[Problem to work on]
In the material below, find each line with the word "ereal" and list it.

------ Source data

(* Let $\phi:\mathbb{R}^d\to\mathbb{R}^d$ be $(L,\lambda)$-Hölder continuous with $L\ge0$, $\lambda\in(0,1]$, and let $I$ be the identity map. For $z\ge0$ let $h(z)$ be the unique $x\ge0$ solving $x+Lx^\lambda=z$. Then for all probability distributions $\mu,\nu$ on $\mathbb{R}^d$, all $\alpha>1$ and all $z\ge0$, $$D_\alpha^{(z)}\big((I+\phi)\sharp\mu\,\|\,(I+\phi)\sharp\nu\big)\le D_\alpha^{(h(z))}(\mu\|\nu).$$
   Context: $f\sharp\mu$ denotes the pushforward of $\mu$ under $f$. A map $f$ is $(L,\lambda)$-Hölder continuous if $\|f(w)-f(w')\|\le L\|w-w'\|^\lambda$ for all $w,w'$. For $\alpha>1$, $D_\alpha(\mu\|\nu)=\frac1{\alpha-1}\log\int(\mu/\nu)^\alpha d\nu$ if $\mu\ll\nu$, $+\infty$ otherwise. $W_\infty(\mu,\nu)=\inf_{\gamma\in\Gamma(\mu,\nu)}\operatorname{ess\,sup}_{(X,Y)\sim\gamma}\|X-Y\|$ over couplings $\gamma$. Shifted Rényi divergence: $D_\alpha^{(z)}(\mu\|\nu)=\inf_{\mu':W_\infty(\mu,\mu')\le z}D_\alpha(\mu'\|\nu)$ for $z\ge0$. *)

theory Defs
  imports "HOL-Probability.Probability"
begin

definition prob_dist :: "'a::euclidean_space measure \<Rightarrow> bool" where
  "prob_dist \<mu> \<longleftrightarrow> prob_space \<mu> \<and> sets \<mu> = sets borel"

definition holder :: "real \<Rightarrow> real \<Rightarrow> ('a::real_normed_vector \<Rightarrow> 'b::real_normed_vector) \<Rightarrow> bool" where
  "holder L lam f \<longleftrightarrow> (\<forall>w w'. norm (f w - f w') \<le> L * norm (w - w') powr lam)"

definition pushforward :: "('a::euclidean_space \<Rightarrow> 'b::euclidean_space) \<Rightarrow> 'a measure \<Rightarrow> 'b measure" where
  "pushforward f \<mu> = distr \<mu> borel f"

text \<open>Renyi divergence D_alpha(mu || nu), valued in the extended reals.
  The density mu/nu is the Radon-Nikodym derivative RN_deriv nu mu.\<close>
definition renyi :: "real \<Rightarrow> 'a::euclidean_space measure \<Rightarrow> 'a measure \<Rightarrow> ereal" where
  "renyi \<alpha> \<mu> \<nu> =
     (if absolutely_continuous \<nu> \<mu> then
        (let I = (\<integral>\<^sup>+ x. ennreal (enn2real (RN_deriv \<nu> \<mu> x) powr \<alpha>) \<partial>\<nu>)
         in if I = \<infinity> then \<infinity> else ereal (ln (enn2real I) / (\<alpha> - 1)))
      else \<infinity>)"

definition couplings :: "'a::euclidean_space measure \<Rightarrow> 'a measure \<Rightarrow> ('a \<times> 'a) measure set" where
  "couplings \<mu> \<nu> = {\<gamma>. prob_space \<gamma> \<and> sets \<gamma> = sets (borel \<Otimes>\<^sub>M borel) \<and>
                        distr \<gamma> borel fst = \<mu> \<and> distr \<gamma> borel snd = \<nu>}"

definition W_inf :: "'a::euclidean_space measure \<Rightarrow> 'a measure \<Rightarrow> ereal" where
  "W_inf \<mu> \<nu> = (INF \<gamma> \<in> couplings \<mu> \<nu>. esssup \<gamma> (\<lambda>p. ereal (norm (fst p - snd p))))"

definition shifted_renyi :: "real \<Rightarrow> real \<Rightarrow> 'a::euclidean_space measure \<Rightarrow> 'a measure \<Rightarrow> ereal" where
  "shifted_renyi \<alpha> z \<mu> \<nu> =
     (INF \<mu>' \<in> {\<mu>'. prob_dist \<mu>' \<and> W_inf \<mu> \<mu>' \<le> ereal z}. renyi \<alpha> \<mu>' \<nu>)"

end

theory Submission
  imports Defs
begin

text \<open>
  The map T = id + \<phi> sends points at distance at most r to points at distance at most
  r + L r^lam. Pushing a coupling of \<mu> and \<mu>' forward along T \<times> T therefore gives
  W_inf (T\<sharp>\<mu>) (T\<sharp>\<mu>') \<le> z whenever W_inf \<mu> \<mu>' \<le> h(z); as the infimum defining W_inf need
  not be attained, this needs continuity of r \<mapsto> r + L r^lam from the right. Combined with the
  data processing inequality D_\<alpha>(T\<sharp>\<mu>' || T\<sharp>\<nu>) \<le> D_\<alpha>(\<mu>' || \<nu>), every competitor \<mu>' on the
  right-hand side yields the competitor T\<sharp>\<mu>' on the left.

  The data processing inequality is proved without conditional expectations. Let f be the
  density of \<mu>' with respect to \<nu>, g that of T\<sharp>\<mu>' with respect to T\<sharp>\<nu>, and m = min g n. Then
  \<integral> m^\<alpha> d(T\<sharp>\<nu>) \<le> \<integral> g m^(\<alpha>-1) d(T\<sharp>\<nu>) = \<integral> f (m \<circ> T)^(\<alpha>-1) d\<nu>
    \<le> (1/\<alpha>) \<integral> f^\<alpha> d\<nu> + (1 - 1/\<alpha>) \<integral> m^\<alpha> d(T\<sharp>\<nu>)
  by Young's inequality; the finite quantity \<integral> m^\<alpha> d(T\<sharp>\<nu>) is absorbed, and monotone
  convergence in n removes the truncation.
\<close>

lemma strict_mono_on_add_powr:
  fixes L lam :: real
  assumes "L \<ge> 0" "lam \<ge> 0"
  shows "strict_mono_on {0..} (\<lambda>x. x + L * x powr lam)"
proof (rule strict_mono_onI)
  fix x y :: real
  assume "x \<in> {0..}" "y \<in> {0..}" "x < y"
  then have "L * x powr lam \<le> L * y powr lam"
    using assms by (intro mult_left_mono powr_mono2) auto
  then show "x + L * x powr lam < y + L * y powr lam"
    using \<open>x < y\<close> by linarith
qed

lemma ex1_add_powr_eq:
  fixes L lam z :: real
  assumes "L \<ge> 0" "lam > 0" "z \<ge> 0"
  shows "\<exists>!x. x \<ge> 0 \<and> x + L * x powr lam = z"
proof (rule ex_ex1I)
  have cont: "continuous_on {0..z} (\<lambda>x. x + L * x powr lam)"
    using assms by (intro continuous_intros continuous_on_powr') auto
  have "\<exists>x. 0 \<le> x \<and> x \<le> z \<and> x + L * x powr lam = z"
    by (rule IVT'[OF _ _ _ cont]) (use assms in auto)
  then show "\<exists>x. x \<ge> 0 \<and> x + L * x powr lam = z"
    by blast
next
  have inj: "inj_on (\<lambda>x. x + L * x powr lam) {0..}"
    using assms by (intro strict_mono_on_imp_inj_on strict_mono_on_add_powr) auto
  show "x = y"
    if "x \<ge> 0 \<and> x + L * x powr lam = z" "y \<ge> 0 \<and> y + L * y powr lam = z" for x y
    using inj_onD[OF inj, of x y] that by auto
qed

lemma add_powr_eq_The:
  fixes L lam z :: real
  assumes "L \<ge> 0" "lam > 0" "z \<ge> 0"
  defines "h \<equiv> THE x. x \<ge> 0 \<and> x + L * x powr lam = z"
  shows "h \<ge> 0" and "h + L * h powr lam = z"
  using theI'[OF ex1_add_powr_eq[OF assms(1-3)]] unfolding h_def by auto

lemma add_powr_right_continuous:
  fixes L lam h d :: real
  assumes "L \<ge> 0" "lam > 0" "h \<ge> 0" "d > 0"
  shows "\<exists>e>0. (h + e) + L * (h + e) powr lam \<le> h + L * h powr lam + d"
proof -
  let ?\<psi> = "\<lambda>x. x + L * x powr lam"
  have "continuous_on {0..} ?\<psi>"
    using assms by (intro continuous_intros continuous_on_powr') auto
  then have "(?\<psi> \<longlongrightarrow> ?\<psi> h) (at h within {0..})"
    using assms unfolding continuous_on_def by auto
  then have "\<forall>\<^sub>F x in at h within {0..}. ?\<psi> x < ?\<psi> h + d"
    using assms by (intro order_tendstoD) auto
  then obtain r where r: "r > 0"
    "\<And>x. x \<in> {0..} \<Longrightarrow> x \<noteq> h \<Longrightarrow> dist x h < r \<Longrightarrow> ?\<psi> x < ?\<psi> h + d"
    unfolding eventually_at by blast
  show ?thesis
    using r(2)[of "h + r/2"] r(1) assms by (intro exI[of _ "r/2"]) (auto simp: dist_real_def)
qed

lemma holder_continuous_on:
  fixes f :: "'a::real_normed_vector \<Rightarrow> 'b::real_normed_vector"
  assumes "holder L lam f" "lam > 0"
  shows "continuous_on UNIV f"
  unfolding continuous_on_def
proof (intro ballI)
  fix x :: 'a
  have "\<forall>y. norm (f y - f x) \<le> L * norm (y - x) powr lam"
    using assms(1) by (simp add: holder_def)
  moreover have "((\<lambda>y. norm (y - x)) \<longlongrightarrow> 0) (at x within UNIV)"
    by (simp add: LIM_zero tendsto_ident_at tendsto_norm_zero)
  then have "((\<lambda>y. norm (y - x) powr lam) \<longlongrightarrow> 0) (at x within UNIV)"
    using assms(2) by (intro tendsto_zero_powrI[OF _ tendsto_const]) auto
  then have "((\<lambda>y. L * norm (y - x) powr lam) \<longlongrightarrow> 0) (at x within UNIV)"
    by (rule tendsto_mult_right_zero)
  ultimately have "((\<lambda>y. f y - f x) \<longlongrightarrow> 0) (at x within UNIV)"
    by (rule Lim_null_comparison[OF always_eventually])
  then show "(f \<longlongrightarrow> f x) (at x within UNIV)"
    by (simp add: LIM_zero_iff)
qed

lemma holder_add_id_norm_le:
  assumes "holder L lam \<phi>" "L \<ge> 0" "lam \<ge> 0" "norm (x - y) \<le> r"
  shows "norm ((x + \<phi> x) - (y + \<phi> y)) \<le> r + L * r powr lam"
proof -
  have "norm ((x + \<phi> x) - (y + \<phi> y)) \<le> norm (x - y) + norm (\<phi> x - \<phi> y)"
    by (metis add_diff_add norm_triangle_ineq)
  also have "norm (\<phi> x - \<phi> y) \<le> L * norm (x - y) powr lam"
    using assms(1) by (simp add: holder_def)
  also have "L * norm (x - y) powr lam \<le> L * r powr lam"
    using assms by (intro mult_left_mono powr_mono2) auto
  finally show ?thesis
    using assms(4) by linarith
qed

------------

[Task result]
definition renyi :: "real \<Rightarrow> 'a::euclidean_space measure \<Rightarrow> 'a measure \<Rightarrow> ereal" where
         in if I = \<infinity> then \<infinity> else ereal (ln (enn2real I) / (\<alpha> - 1)))
definition W_inf :: "'a::euclidean_space measure \<Rightarrow> 'a measure \<Rightarrow> ereal" where
  "W_inf \<mu> \<nu> = (INF \<gamma> \<in> couplings \<mu> \<nu>. esssup \<gamma> (\<lambda>p. ereal (norm (fst p - snd p))))"
definition shifted_renyi :: "real \<Rightarrow> real \<Rightarrow> 'a::euclidean_space measure \<Rightarrow> 'a measure \<Rightarrow> ereal" where
     (INF \<mu>' \<in> {\<mu>'. prob_dist \<mu>' \<and> W_inf \<mu> \<mu>' \<le> ereal z}. renyi \<alpha> \<mu>' \<nu>)"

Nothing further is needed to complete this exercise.